definition germ_ideal_mem :: "(complex^'m) set \<Rightarrow> complex^'m \<Rightarrow> (complex^'m \<Rightarrow> complex) set
     \<Rightarrow> (complex^'m \<Rightarrow> complex) \<Rightarrow> bool" where
  "germ_ideal_mem Y a G f \<longleftrightarrow> finite G \<and> (\<exists>U c. a \<in> U \<and> (\<forall>h\<in>G. holo_on U (c h)) \<and>
       (\<forall>w\<in>Y \<inter> U. f w = (\<Sum>h\<in>G. c h w * h w)))"

text \<open>k-index: k distinct indices from S (ordering only affects the sign of a minor).\<close>
definition kindex :: "nat \<Rightarrow> 'a set \<Rightarrow> 'a list \<Rightarrow> bool" where
  "kindex k S ls \<longleftrightarrow> length ls = k \<and> distinct ls \<and> set ls \<subseteq> S"

definition minor :: "('r \<Rightarrow> 'c \<Rightarrow> 'v \<Rightarrow> complex) \<Rightarrow> 'r list \<Rightarrow> 'c list \<Rightarrow> 'v \<Rightarrow> complex" where
  "minor A rs cs w = (\<Sum>q\<in>{q. q permutes {..<length rs}}.
       of_int (sign q) * (\<Prod>i<length rs. A (rs ! i) (cs ! (q i)) w))"

definition Mtil :: "(nat \<Rightarrow> nat \<Rightarrow> complex^'n \<Rightarrow> complex) \<Rightarrow> nat \<Rightarrow> ('n \<times> nat) \<Rightarrow> complex^('n+'n) \<Rightarrow> complex" where
  "Mtil g i lj w = (pr1 w $ fst lj - pr2 w $ fst lj) * g i (snd lj) (pr2 w)"
(* Let $G$ be a finite cyclic group whose order has at least two distinct prime divisors. Then the difference graph $\mathcal{D}(G)$ is disconnected if and only if $G\cong\mathbb{Z}_{pq}$ where $p$ and $q$ are two distinct primes. Moreover, the diameter of $\mathcal{D}(G)$ is at most $6$ whenever $G\not\cong\mathbb{Z}_{pq}$.
   Context: For a finite group $G$ with identity $e$: the intersection power graph $\mathcal{G}_I(G)$ has vertex set $G$, two distinct non-identity vertices $x,y$ being adjacent iff $\langle x\rangle\cap\langle y\rangle\neq\{e\}$, and $e$ being adjacent to every other vertex. The power graph $\mathcal{P}(G)$ has vertex set $G$, two distinct vertices being adjacent iff one is a power of the other. The difference graph $\mathcal{D}(G)$ is the graph on vertex set $G$ with edge set $E(\mathcal{G}_I(G))\setminus E(\mathcal{P}(G))$, with all isolated vertices removed. *)

theory Defs
  imports "HOL-Algebra.Algebra" "HOL-Library.Extended_Nat"
begin

definition pow_adj :: "('a, 'b) monoid_scheme \<Rightarrow> 'a \<Rightarrow> 'a \<Rightarrow> bool" where
  "pow_adj G x y \<longleftrightarrow> x \<in> carrier G \<and> y \<in> carrier G \<and> x \<noteq> y \<and>
     ((\<exists>k::int. y = x [^]\<^bsub>G\<^esub> k) \<or> (\<exists>k::int. x = y [^]\<^bsub>G\<^esub> k))"

definition ipow_adj :: "('a, 'b) monoid_scheme \<Rightarrow> 'a \<Rightarrow> 'a \<Rightarrow> bool" where
  "ipow_adj G x y \<longleftrightarrow> x \<in> carrier G \<and> y \<in> carrier G \<and> x \<noteq> y \<and>
     (x = \<one>\<^bsub>G\<^esub> \<or> y = \<one>\<^bsub>G\<^esub> \<or>
      generate G {x} \<inter> generate G {y} \<noteq> {\<one>\<^bsub>G\<^esub>})"

definition diff_adj :: "('a, 'b) monoid_scheme \<Rightarrow> 'a \<Rightarrow> 'a \<Rightarrow> bool" where
  "diff_adj G x y \<longleftrightarrow> ipow_adj G x y \<and> \<not> pow_adj G x y"
(* Let $F$ be an algebraically closed field and $A$ a symmetric $F$-algebra with symmetrizing linear form $\lambda:A\to F$. Let $I$ be a two-sided ideal of $A$ such that $A/I$ is also a symmetric $F$-algebra, with symmetrizing linear form $\mu:A/I\to F$. Let $\nu:A\to A/I$, $a\mapsto a+I$, be the canonical epimorphism and let $\nu^\ast:A/I\to A$ be its adjoint with respect to $\lambda$ and $\mu$, i.e. the $F$-linear map satisfying $\lambda(\nu^\ast(x)a)=\mu(x\nu(a))$ for all $x\in A/I$, $a\in A$. If $L$ is an ideal of the center $\mathrm{Z}(A/I)$, then $\nu^\ast(L)$ is an ideal of the center $\mathrm{Z}(A)$.
   Context: A symmetrizing linear form on a finite-dimensional algebra $A$ is a linear form $\lambda$ such that $\lambda(ab)=\lambda(ba)$ for all $a,b$ and whose kernel contains no nonzero left (or right) ideal; equivalently $(a,b)\mapsto\lambda(ab)$ is a nondegenerate symmetric associative bilinear form. *)

theory Defs
  imports Main "HOL-Computational_Algebra.Polynomial"
begin

definition alg_closed_field :: "'f::field itself \<Rightarrow> bool" where
  "alg_closed_field _ \<longleftrightarrow> (\<forall>p :: 'f poly. 0 < degree p \<longrightarrow> (\<exists>x. poly p x = 0))"

definition fd_algebra :: "('f::field \<Rightarrow> 'a::ring_1 \<Rightarrow> 'a) \<Rightarrow> bool" where
  "fd_algebra sc \<longleftrightarrow> vector_space sc
     \<and> (\<forall>c x y. sc c (x * y) = sc c x * y \<and> sc c (x * y) = x * sc c y)
     \<and> (\<exists>S. finite S \<and> module.span sc S = UNIV)"

definition left_ideal :: "'a::ring_1 set \<Rightarrow> bool" where
  "left_ideal J \<longleftrightarrow> 0 \<in> J \<and> (\<forall>x\<in>J. \<forall>y\<in>J. x + y \<in> J) \<and> (\<forall>a. \<forall>x\<in>J. a * x \<in> J)"

definition two_sided_ideal :: "'a::ring_1 set \<Rightarrow> bool" where
  "two_sided_ideal J \<longleftrightarrow> left_ideal J \<and> (\<forall>a. \<forall>x\<in>J. x * a \<in> J)"

definition symmetrizing_form :: "('f::field \<Rightarrow> 'a::ring_1 \<Rightarrow> 'a) \<Rightarrow> ('a \<Rightarrow> 'f) \<Rightarrow> bool" where
  "symmetrizing_form sc lam \<longleftrightarrow> Vector_Spaces.linear sc (*) lam
     \<and> (\<forall>a b. lam (a * b) = lam (b * a))
     \<and> (\<forall>J. left_ideal J \<and> J \<subseteq> {a. lam a = 0} \<longrightarrow> J \<subseteq> {0})"

definition symmetric_algebra_with :: "('f::field \<Rightarrow> 'a::ring_1 \<Rightarrow> 'a) \<Rightarrow> ('a \<Rightarrow> 'f) \<Rightarrow> bool" where
  "symmetric_algebra_with sc lam \<longleftrightarrow> fd_algebra sc \<and> symmetrizing_form sc lam"

definition algebra_hom :: "('f::field \<Rightarrow> 'a::ring_1 \<Rightarrow> 'a) \<Rightarrow> ('f \<Rightarrow> 'b::ring_1 \<Rightarrow> 'b) \<Rightarrow> ('a \<Rightarrow> 'b) \<Rightarrow> bool" where
  "algebra_hom scA scB h \<longleftrightarrow> Vector_Spaces.linear scA scB h
     \<and> (\<forall>x y. h (x * y) = h x * h y) \<and> h 1 = 1"

definition center :: "'a::ring_1 set" where
  "center = {z. \<forall>a. z * a = a * z}"

definition center_ideal :: "'a::ring_1 set \<Rightarrow> bool" where
  "center_ideal L \<longleftrightarrow> L \<subseteq> center \<and> 0 \<in> L \<and> (\<forall>x\<in>L. \<forall>y\<in>L. x + y \<in> L)
     \<and> (\<forall>x\<in>L. - x \<in> L) \<and> (\<forall>z\<in>center. \<forall>x\<in>L. z * x \<in> L)"

end

theory Submission
  imports Defs
begin

text \<open>Since \<open>\<lambda>\<close> is nondegenerate, an element \<open>u\<close> of \<open>A\<close> is determined by the
  values \<open>\<lambda>(u c)\<close>. Computing these with the adjunction and the symmetry of \<open>\<lambda>\<close> and \<open>\<mu>\<close>
  shows \<open>\<nu>\<^sup>*(\<nu>(z) x) = z \<nu>\<^sup>*(x)\<close> for all \<open>z \<in> A\<close>, and that \<open>\<nu>\<^sup>*\<close> maps central
  elements of \<open>A/I\<close> to central elements of \<open>A\<close>. As the surjection \<open>\<nu>\<close> maps \<open>Z(A)\<close> into
  \<open>Z(A/I)\<close>, the additive subgroup \<open>\<nu>\<^sup>*(L)\<close> is stable under multiplication by \<open>Z(A)\<close>.
  Algebraic closedness of \<open>F\<close> and the description of the kernel of \<open>\<nu>\<close> are not needed.\<close>

lemma symmetrizing_form_right_nondegenerate:
  assumes "symmetrizing_form sc lam" and "\<And>c. lam (d * c) = 0"
  shows "d = 0"
proof -
  have lam: "module_hom sc (*) lam" "\<And>a b. lam (a * b) = lam (b * a)"
    using assms(1) by (auto simp: symmetrizing_form_def module_hom_linearI)
  define J where "J = {y. \<forall>c. lam (y * c) = 0}"
  have "left_ideal J"
    unfolding left_ideal_def J_def
  proof (intro conjI ballI allI CollectI)
    fix x y c assume "x \<in> {y. \<forall>c. lam (y * c) = 0}" "y \<in> {y. \<forall>c. lam (y * c) = 0}"
    then show "lam ((x + y) * c) = 0"
      by (simp add: distrib_right module_hom.add[OF lam(1)])
  next
    fix a x c assume "x \<in> {y. \<forall>c. lam (y * c) = 0}"
    then show "lam (a * x * c) = 0"
      using lam(2)[of a "x * c"] by (simp add: mult.assoc)
  qed (simp add: module_hom.zero[OF lam(1)])
  moreover have "J \<subseteq> {a. lam a = 0}"
    unfolding J_def by (force dest: spec[of _ 1])
  ultimately have "J \<subseteq> {0}"
    using assms(1) by (simp add: symmetrizing_form_def)
  moreover have "d \<in> J"
    using assms(2) by (simp add: J_def)
  ultimately show ?thesis by blast
qed

lemma symmetrizing_form_eqI:
  assumes "symmetrizing_form sc lam" and "\<And>c. lam (u * c) = lam (v * c)"
  shows "u = v"
proof -
  have "module_hom sc (*) lam"
    using assms(1) by (simp add: symmetrizing_form_def module_hom_linearI)
  then have "lam ((u - v) * c) = 0" for c
    using assms(2) by (simp add: left_diff_distrib module_hom.diff)
  then have "u - v = 0"
    by (rule symmetrizing_form_right_nondegenerate[OF assms(1)])
  then show ?thesis by simp
qed

lemma adjoint_mult_left:
  fixes nu :: "'a::ring_1 \<Rightarrow> 'b::ring_1"
  assumes lam: "symmetrizing_form sc lam"
    and mu: "\<And>a b. mu (a * b) = mu (b * a)"
    and nu: "\<And>a b. nu (a * b) = nu a * nu b"
    and adj: "\<And>x a. lam (nustar x * a) = mu (x * nu a)"
  shows "nustar (nu z * x) = z * nustar x"
proof (rule symmetrizing_form_eqI[OF lam])
  have sym: "\<And>a b. lam (a * b) = lam (b * a)"
    using lam by (simp add: symmetrizing_form_def)
  fix c
  have "lam (nustar (nu z * x) * c) = mu (nu z * (x * nu c))"
    by (simp add: adj mult.assoc)
  also have "\<dots> = mu (x * nu c * nu z)"
    by (rule mu)
  also have "\<dots> = lam (nustar x * (c * z))"
    by (simp add: adj nu mult.assoc)
  also have "\<dots> = lam (z * nustar x * c)"
    using sym[of z "nustar x * c"] by (simp add: mult.assoc)
  finally show "lam (nustar (nu z * x) * c) = lam (z * nustar x * c)" .
qed

lemma adjoint_center:
  fixes nu :: "'a::ring_1 \<Rightarrow> 'b::ring_1"
  assumes lam: "symmetrizing_form sc lam"
    and mu: "\<And>a b. mu (a * b) = mu (b * a)"
    and nu: "\<And>a b. nu (a * b) = nu a * nu b"
    and adj: "\<And>x a. lam (nustar x * a) = mu (x * nu a)"
    and x: "x \<in> center"
  shows "nustar x \<in> center"
proof -
  have sym: "\<And>a b. lam (a * b) = lam (b * a)"
    using lam by (simp add: symmetrizing_form_def)
  have x_comm: "\<And>b. x * b = b * x"
    using x by (simp add: center_def)
  have "nustar x * a = a * nustar x" for a
  proof (rule symmetrizing_form_eqI[OF lam])
    fix c
    have "lam (nustar x * a * c) = mu (nu a * x * nu c)"
      by (simp add: adj nu x_comm mult.assoc)
    also have "\<dots> = lam (nustar x * (c * a))"
      using mu[of "nu a" "x * nu c"] by (simp add: adj nu mult.assoc)
    also have "\<dots> = lam (a * nustar x * c)"
      using sym[of "nustar x * c" a] by (simp add: mult.assoc)
    finally show "lam (nustar x * a * c) = lam (a * nustar x * c)" .
  qed
  then show ?thesis by (simp add: center_def)
qed

lemma surj_mult_image_center:
  fixes f :: "'a::ring_1 \<Rightarrow> 'b::ring_1"
  assumes "surj f" and mult: "\<And>a b. f (a * b) = f a * f b" and "z \<in> center"
  shows "f z \<in> center"
  unfolding center_def
proof (intro CollectI allI)
  fix b
  obtain a where "b = f a"
    using assms(1) by (metis surjD)
  moreover have "f z * f a = f a * f z"
    using assms(3) by (simp add: center_def flip: mult)
  ultimately show "f z * b = b * f z" by simp
qed

lemma center_ideal_image:
  assumes L: "center_ideal L" and f: "module_hom s1 s2 f"
    and "f ` L \<subseteq> center"
    and "\<And>z x. z \<in> center \<Longrightarrow> x \<in> L \<Longrightarrow> z * f x \<in> f ` L"
  shows "center_ideal (f ` L)"
  unfolding center_ideal_def
proof (intro conjI ballI)
  show "0 \<in> f ` L"
    using L module_hom.zero[OF f] by (metis center_ideal_def image_eqI)
next
  fix u v assume "u \<in> f ` L" "v \<in> f ` L"
  then obtain x y where "x \<in> L" "y \<in> L" "u = f x" "v = f y" by blast
  then have "x + y \<in> L" "u + v = f (x + y)"
    using L module_hom.add[OF f] by (simp_all add: center_ideal_def)
  then show "u + v \<in> f ` L" by blast
next
  fix u assume "u \<in> f ` L"
  then obtain x where "x \<in> L" "u = f x" by blast
  then have "- x \<in> L" "- u = f (- x)"
    using L module_hom.neg[OF f] by (simp_all add: center_ideal_def)
  then show "- u \<in> f ` L" by blast
qed (use assms(3-4) in auto)

theorem proposition2:
  fixes scA :: "'f::field \<Rightarrow> 'a::ring_1 \<Rightarrow> 'a"
    and scB :: "'f \<Rightarrow> 'b::ring_1 \<Rightarrow> 'b"
    and lam :: "'a \<Rightarrow> 'f" and mu :: "'b \<Rightarrow> 'f"
    and I :: "'a set" and nu :: "'a \<Rightarrow> 'b" and nustar :: "'b \<Rightarrow> 'a"
    and L :: "'b set"
  assumes "alg_closed_field TYPE('f)"
    and "symmetric_algebra_with scA lam"
    and "two_sided_ideal I"
    and "symmetric_algebra_with scB mu"
    and "algebra_hom scA scB nu" and "surj nu" and "{a. nu a = 0} = I"
    and "Vector_Spaces.linear scB scA nustar"
    and "\<forall>x a. lam (nustar x * a) = mu (x * nu a)"
    and "center_ideal L"
  shows "center_ideal (nustar ` L)"
proof (rule center_ideal_image)
  have lam: "symmetrizing_form scA lam"
    using assms(2) by (simp add: symmetric_algebra_with_def)
  have mu: "\<And>a b. mu (a * b) = mu (b * a)"
    using assms(4) by (simp add: symmetric_algebra_with_def symmetrizing_form_def)
  have nu: "\<And>a b. nu (a * b) = nu a * nu b"
    using assms(5) by (simp add: algebra_hom_def)
  note adj = assms(9)[rule_format]
  show "module_hom scB scA nustar"
    using assms(8) by (rule module_hom_linearI)
  show "nustar ` L \<subseteq> center"
    using assms(10) adjoint_center[OF lam mu nu adj] by (auto simp: center_ideal_def)
  fix z :: 'a and x assume z: "z \<in> center" and x: "x \<in> L"
  have "nu z * x \<in> L"
    using assms(10) surj_mult_image_center[OF assms(6) nu z] x by (simp add: center_ideal_def)
  then show "z * nustar x \<in> nustar ` L"
    by (metis adjoint_mult_left[OF lam mu nu adj] image_eqI)
qed (fact assms(10))

end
···
Transcribe only, please, the lines from the first line of the records through the line with "(* Let $G$ be". Both of those lines are included.

**EXERCISE OUTPUT**
definition germ_ideal_mem :: "(complex^'m) set \<Rightarrow> complex^'m \<Rightarrow> (complex^'m \<Rightarrow> complex) set
     \<Rightarrow> (complex^'m \<Rightarrow> complex) \<Rightarrow> bool" where
  "germ_ideal_mem Y a G f \<longleftrightarrow> finite G \<and> (\<exists>U c. a \<in> U \<and> (\<forall>h\<in>G. holo_on U (c h)) \<and>
       (\<forall>w\<in>Y \<inter> U. f w = (\<Sum>h\<in>G. c h w * h w)))"

text \<open>k-index: k distinct indices from S (ordering only affects the sign of a minor).\<close>
definition kindex :: "nat \<Rightarrow> 'a set \<Rightarrow> 'a list \<Rightarrow> bool" where
  "kindex k S ls \<longleftrightarrow> length ls = k \<and> distinct ls \<and> set ls \<subseteq> S"

definition minor :: "('r \<Rightarrow> 'c \<Rightarrow> 'v \<Rightarrow> complex) \<Rightarrow> 'r list \<Rightarrow> 'c list \<Rightarrow> 'v \<Rightarrow> complex" where
  "minor A rs cs w = (\<Sum>q\<in>{q. q permutes {..<length rs}}.
       of_int (sign q) * (\<Prod>i<length rs. A (rs ! i) (cs ! (q i)) w))"

definition Mtil :: "(nat \<Rightarrow> nat \<Rightarrow> complex^'n \<Rightarrow> complex) \<Rightarrow> nat \<Rightarrow> ('n \<times> nat) \<Rightarrow> complex^('n+'n) \<Rightarrow> complex" where
  "Mtil g i lj w = (pr1 w $ fst lj - pr2 w $ fst lj) * g i (snd lj) (pr2 w)"
(* Let $G$ be a finite cyclic group whose order has at least two distinct prime divisors. Then the difference graph $\mathcal{D}(G)$ is disconnected if and only if $G\cong\mathbb{Z}_{pq}$ where $p$ and $q$ are two distinct primes. Moreover, the diameter of $\mathcal{D}(G)$ is at most $6$ whenever $G\not\cong\mathbb{Z}_{pq}$.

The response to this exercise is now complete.